## Task item
Among the records below, find each line bearing the word "ginv" and copy it.

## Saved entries
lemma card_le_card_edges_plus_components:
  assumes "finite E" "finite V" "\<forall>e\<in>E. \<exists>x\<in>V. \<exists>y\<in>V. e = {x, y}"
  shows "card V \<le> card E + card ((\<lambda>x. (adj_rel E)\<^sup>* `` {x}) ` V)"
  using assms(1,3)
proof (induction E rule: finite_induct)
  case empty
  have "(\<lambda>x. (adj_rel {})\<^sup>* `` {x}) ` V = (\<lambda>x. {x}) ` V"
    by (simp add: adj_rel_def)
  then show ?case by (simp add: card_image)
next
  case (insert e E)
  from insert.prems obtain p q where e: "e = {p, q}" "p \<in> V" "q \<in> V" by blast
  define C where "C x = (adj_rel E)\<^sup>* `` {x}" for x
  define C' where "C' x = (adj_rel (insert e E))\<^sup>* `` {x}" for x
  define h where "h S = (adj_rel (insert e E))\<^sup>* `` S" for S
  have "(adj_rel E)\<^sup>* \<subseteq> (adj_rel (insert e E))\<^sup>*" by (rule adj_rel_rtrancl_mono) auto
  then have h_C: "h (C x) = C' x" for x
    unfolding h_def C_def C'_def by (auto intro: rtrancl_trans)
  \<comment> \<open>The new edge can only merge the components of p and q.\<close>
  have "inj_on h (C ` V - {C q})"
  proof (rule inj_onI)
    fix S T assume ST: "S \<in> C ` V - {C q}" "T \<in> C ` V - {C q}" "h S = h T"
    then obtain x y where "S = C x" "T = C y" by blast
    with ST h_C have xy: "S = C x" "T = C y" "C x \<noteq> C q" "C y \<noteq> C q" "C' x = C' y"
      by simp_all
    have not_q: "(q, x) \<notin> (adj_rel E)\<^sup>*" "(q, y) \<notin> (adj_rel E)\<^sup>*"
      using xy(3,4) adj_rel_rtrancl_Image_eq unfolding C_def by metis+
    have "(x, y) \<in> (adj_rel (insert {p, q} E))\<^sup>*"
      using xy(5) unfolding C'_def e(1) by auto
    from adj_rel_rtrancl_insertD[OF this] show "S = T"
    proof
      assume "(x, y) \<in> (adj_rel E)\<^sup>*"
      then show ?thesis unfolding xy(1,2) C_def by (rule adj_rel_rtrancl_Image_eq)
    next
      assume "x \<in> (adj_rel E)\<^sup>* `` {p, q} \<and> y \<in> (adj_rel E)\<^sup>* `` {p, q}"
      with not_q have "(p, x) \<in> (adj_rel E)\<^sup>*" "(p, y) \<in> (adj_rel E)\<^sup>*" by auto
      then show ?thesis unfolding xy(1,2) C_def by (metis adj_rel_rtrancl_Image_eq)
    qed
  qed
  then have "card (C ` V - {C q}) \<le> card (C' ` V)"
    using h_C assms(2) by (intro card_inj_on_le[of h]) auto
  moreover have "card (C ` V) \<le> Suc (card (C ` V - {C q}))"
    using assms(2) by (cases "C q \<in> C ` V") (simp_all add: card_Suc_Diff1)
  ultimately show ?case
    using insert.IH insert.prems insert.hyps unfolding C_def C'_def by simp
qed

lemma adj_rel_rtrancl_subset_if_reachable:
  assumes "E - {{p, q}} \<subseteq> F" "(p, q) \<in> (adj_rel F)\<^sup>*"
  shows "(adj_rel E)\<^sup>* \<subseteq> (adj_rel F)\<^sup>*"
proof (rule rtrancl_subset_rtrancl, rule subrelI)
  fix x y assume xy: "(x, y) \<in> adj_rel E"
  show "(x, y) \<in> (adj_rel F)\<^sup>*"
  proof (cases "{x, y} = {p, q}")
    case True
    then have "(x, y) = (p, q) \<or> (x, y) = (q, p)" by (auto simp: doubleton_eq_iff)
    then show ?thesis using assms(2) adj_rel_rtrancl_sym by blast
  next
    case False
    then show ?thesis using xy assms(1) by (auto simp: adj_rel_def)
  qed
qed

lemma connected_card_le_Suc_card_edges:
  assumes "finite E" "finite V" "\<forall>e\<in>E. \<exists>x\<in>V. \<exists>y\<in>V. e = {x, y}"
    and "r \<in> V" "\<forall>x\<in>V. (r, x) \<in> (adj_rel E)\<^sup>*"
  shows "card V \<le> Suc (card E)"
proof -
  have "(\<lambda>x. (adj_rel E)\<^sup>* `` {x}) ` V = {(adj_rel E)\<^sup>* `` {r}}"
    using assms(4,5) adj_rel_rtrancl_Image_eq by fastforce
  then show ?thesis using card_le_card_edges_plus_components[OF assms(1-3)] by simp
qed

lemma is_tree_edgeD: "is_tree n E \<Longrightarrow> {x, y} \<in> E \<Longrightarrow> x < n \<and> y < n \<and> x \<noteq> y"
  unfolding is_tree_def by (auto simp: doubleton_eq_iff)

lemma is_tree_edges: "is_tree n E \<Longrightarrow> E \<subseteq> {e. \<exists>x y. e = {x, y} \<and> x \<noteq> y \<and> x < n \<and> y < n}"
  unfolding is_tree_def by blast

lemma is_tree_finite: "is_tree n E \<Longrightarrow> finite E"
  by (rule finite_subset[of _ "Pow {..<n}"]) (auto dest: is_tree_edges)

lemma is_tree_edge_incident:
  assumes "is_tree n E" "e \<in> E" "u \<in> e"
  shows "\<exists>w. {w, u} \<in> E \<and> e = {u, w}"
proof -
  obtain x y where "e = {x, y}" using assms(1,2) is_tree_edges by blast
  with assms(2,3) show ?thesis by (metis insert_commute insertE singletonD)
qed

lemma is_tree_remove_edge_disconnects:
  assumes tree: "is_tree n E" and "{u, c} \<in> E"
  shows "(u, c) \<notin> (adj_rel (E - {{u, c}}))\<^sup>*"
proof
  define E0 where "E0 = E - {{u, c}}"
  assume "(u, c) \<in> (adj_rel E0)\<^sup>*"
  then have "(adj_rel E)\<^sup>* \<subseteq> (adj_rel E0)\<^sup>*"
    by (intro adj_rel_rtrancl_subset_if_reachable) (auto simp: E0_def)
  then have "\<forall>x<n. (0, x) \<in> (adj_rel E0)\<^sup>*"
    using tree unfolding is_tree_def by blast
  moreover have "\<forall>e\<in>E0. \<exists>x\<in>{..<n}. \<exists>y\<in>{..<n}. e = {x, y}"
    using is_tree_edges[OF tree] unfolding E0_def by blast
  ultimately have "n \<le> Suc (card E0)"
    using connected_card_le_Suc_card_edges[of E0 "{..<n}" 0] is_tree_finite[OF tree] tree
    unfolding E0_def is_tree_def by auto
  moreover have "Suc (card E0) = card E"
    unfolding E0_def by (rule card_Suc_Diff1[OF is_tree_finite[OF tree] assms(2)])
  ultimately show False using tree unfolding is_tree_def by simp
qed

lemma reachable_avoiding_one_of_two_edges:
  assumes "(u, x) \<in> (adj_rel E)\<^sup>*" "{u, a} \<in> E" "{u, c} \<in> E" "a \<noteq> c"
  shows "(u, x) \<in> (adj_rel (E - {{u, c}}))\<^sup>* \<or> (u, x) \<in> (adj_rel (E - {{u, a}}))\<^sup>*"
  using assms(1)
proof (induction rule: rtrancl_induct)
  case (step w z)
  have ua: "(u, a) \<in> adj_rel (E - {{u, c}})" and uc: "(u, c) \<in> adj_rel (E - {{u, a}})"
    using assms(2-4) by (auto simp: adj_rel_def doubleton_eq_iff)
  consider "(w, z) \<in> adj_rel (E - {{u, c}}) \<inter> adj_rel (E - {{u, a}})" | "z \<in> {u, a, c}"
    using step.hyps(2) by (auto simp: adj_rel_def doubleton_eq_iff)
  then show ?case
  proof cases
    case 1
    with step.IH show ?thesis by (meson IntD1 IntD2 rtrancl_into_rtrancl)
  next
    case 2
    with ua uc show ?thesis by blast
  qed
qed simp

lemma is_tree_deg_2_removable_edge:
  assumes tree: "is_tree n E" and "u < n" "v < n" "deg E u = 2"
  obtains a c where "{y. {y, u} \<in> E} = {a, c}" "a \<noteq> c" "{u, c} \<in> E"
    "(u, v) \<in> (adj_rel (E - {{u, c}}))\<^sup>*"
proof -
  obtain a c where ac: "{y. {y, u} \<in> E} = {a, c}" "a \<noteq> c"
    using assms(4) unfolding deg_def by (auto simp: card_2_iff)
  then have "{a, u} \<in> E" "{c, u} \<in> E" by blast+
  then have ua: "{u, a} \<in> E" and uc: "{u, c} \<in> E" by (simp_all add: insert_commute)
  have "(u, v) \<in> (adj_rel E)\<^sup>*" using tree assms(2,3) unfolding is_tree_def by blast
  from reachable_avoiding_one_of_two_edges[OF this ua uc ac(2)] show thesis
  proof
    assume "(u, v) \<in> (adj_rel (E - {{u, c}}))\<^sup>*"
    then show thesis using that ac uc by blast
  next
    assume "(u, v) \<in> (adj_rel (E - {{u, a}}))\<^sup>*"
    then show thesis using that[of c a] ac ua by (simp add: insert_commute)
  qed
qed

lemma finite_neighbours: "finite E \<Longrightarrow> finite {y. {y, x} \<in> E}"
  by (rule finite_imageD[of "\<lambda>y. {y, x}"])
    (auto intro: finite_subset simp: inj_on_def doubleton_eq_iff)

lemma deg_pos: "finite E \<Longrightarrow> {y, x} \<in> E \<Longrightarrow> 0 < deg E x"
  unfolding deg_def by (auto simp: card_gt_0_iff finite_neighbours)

---

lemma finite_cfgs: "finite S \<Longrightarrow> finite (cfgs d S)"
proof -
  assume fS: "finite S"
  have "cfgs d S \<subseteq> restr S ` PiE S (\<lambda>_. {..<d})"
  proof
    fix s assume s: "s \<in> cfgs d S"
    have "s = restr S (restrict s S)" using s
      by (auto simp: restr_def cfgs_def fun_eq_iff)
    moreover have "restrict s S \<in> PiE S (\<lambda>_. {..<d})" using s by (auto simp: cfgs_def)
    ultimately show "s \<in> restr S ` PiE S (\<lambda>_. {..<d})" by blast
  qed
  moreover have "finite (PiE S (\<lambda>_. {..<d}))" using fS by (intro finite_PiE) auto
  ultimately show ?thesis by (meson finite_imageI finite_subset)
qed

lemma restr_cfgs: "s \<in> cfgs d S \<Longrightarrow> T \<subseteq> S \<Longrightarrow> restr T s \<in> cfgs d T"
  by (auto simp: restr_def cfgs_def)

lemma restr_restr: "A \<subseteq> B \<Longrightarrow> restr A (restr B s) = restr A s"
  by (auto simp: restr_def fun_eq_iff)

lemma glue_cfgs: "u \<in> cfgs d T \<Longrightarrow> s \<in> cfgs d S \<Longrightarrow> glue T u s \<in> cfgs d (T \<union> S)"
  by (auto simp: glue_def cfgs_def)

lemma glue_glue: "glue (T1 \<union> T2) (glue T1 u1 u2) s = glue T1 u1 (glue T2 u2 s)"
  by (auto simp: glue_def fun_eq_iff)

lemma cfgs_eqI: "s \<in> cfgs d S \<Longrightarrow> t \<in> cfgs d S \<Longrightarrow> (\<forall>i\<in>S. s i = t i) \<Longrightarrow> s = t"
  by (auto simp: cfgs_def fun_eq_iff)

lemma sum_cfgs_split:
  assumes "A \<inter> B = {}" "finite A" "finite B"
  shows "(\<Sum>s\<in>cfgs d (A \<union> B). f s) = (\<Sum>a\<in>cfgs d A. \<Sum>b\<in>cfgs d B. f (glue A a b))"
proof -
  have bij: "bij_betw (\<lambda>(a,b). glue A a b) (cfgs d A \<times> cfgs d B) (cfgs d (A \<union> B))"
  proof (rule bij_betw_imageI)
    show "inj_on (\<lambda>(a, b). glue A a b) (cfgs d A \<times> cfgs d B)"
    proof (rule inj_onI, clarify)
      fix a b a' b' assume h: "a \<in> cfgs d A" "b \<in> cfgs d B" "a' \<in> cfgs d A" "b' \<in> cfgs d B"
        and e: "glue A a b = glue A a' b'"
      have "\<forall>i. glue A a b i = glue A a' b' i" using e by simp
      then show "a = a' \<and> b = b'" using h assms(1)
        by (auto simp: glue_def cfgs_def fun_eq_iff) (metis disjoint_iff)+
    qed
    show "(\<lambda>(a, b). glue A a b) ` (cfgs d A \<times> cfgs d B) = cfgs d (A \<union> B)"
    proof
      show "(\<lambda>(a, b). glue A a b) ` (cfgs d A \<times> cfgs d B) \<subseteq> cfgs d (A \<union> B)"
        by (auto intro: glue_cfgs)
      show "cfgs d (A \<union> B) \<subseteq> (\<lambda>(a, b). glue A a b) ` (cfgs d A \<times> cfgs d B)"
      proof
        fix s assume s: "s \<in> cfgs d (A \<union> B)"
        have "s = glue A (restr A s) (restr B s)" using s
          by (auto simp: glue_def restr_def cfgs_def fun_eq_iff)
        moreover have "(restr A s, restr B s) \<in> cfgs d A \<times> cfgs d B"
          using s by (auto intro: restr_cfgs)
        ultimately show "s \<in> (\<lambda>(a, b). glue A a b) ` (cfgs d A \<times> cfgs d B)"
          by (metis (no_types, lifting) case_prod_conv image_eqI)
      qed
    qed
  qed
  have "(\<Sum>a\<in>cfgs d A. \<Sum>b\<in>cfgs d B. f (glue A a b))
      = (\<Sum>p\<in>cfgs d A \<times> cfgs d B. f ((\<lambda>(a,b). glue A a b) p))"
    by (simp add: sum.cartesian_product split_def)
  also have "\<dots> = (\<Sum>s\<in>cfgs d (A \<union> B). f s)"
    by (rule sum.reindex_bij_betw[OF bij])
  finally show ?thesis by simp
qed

==

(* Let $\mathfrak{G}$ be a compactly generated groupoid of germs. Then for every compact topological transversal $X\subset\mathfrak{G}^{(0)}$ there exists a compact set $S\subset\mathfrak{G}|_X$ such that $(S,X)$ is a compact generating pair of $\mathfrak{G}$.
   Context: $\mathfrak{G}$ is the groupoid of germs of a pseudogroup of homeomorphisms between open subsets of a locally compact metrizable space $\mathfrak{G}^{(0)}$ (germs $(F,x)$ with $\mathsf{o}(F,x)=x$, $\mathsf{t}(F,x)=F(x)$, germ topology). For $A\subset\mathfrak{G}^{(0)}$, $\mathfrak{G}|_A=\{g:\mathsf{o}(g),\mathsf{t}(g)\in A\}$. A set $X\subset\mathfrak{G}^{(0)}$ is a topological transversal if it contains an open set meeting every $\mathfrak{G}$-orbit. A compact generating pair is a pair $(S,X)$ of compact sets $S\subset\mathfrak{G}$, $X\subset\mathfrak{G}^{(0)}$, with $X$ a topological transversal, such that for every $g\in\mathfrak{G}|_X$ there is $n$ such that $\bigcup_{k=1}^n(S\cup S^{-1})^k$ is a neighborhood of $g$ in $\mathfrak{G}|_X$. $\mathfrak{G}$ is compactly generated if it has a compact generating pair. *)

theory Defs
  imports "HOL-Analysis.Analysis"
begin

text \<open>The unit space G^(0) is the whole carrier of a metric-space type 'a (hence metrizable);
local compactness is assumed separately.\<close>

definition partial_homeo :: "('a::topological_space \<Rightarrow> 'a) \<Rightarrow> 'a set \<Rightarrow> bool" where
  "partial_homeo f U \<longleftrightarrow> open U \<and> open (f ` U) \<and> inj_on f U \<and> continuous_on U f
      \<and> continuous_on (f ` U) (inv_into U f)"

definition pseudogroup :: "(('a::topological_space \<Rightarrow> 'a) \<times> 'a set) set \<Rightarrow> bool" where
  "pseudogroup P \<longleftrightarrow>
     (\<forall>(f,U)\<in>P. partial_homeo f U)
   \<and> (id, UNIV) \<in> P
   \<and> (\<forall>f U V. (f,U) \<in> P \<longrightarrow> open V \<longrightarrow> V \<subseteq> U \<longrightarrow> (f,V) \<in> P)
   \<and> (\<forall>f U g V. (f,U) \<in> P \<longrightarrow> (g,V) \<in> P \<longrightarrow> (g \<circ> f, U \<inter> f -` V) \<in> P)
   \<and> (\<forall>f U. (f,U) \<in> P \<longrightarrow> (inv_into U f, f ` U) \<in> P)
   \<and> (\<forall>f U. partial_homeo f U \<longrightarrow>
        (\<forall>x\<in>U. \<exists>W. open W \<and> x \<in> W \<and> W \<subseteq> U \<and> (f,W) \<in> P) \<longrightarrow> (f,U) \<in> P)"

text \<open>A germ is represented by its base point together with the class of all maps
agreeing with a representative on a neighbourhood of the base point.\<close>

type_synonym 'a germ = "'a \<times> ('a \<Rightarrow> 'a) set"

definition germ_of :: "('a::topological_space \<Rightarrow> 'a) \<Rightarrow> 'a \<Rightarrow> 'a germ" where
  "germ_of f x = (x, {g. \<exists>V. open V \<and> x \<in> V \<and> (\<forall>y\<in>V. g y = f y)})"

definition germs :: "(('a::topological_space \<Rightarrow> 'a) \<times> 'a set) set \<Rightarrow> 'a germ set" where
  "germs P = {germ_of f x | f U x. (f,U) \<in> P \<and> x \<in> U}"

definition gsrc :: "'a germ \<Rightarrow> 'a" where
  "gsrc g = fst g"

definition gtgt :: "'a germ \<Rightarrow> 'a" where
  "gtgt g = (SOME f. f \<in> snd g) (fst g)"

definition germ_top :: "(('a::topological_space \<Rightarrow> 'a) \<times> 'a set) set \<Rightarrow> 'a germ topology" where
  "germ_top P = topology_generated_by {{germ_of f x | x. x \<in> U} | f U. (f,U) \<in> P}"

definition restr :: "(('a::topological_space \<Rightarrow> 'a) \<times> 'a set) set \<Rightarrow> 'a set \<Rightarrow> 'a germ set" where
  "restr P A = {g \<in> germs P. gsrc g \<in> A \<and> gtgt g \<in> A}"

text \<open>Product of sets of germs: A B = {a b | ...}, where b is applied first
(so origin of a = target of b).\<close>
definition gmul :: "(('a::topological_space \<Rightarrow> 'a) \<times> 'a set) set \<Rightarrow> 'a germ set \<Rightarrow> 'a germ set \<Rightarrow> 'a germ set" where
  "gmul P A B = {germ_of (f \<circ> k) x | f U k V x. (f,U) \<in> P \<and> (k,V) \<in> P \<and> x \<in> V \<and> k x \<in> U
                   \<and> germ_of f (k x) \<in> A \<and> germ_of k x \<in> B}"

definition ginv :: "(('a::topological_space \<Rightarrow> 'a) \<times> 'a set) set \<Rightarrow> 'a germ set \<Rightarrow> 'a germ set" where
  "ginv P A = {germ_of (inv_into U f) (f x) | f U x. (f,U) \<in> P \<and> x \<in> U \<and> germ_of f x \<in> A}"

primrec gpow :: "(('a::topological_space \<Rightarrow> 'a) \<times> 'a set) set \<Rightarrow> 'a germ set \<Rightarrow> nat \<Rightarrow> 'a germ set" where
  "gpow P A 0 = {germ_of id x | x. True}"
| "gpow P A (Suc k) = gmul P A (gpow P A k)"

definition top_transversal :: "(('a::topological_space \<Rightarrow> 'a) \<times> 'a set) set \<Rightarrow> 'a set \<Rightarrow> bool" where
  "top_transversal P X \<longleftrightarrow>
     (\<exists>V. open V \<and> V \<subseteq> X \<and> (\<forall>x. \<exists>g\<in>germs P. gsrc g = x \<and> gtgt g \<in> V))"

## Task response
definition ginv :: "(('a::topological_space \<Rightarrow> 'a) \<times> 'a set) set \<Rightarrow> 'a germ set \<Rightarrow> 'a germ set" where
  "ginv P A = {germ_of (inv_into U f) (f x) | f U x. (f,U) \<in> P \<and> x \<in> U \<and> germ_of f x \<in> A}"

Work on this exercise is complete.